WHAT THE EXERCISE ASKS:
Each line below that holds the word "matrices" counts toward the answer; reply with the total number only.
--- DATASET RECORDS Enclosed Below ---
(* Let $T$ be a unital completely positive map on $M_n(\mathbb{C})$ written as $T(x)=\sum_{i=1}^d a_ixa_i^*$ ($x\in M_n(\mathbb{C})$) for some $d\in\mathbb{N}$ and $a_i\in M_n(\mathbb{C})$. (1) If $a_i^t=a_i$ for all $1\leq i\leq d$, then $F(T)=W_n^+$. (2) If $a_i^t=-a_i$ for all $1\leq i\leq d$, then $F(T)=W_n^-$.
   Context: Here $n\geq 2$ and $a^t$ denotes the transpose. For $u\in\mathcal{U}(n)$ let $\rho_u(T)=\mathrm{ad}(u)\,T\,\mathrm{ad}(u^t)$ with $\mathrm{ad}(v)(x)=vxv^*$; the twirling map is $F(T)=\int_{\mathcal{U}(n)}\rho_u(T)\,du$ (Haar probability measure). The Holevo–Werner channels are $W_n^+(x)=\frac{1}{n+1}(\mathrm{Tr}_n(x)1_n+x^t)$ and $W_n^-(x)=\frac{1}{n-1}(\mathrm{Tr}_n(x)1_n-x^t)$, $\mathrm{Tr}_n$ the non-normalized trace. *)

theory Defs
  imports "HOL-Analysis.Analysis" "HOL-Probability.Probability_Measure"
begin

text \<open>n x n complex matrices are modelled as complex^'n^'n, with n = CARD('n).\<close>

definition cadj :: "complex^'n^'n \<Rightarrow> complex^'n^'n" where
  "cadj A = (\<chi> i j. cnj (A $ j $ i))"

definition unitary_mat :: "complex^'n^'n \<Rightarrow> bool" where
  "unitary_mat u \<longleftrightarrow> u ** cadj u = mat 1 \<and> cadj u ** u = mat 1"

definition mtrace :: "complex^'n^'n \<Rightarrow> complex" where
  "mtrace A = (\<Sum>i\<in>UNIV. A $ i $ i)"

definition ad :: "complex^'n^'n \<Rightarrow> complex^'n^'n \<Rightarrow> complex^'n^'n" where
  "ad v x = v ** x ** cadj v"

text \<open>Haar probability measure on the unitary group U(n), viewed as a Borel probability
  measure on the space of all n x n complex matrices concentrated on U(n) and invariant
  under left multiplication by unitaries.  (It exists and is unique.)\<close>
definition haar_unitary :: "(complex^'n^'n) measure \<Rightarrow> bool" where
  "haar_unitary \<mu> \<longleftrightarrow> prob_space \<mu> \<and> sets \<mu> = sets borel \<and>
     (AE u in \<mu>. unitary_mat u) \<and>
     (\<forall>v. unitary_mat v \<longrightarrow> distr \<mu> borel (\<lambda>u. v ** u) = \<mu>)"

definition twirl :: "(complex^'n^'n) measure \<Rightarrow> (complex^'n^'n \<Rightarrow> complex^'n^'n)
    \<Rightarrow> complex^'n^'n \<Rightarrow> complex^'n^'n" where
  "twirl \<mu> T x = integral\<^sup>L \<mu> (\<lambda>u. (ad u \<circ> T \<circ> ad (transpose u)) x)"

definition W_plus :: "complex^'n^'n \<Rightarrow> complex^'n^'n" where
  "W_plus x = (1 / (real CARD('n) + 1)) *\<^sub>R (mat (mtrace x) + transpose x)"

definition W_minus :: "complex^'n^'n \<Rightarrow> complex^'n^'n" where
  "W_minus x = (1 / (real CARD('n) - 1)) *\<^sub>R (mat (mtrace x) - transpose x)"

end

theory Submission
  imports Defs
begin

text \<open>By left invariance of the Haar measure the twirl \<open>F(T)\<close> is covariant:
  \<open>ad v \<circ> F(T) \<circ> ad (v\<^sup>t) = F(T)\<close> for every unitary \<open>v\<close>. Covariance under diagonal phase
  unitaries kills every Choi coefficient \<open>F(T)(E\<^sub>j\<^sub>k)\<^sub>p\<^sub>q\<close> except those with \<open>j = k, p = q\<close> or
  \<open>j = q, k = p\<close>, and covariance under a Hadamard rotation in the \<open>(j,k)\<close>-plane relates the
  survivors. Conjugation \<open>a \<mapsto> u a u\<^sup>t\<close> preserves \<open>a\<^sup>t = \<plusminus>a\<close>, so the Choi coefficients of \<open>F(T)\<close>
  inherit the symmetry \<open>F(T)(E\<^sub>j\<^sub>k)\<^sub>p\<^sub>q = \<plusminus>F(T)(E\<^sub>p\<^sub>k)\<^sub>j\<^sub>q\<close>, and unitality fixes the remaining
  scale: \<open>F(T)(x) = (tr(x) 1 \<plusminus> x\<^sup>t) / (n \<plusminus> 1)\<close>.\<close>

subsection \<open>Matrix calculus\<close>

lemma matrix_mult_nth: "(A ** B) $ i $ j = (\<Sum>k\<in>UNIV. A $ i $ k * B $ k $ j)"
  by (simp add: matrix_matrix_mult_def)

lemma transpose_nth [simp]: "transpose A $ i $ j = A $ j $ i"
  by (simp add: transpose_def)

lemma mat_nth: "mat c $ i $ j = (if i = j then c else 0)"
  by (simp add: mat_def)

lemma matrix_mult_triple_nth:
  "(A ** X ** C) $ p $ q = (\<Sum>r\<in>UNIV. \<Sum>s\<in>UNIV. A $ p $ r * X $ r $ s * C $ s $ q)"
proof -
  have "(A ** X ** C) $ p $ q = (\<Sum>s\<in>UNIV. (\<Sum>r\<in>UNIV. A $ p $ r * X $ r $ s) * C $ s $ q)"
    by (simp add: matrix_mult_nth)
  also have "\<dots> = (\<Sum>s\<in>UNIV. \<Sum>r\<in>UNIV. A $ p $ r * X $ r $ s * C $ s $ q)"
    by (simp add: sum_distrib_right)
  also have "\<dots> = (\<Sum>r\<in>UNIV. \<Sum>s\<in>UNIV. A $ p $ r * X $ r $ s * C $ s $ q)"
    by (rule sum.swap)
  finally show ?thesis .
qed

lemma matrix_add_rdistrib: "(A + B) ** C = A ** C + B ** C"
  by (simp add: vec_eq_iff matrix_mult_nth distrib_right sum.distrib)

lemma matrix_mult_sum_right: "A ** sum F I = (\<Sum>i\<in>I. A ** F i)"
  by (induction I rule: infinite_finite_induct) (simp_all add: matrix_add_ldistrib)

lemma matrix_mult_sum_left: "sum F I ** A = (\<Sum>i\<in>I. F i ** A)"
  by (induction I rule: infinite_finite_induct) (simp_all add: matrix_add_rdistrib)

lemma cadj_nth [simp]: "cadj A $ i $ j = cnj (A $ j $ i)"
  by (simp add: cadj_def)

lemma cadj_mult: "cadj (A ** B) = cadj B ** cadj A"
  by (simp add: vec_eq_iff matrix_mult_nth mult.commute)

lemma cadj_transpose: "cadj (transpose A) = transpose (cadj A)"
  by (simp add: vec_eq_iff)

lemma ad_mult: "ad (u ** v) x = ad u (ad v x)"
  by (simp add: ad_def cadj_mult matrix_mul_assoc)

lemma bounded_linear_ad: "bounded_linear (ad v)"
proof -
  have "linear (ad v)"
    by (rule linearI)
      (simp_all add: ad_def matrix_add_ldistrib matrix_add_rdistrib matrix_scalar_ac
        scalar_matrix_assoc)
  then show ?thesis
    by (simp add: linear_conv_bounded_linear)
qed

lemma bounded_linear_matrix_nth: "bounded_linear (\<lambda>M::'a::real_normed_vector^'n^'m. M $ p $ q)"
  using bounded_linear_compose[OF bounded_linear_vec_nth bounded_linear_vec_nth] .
--- End of Enclosed DATASET RECORDS ---
--- DATASET RECORDS Enclosed Below ---
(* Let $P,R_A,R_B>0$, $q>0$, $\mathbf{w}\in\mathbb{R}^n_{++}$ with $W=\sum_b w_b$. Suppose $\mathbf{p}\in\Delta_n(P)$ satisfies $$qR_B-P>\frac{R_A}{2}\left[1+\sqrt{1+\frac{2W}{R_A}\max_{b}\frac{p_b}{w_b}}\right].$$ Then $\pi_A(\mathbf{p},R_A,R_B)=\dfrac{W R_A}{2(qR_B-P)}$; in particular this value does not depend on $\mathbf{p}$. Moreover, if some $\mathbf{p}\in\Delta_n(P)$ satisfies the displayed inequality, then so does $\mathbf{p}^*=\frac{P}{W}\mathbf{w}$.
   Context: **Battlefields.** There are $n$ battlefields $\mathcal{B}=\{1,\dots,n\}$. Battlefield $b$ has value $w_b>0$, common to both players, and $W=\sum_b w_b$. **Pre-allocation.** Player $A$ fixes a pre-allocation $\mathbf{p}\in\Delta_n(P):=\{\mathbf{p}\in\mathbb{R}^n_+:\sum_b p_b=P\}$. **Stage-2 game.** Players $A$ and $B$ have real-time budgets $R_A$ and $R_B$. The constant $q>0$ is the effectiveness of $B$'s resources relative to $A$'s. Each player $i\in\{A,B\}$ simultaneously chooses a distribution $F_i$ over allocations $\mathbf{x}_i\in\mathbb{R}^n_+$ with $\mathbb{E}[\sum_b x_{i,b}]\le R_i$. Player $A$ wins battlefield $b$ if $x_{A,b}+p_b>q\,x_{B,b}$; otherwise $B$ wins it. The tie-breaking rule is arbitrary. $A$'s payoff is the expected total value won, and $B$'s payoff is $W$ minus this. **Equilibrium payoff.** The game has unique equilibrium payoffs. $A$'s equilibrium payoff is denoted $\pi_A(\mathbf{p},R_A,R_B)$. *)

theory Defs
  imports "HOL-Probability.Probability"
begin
--- End of Enclosed DATASET RECORDS ---
EXERCISE SOLUTION:
2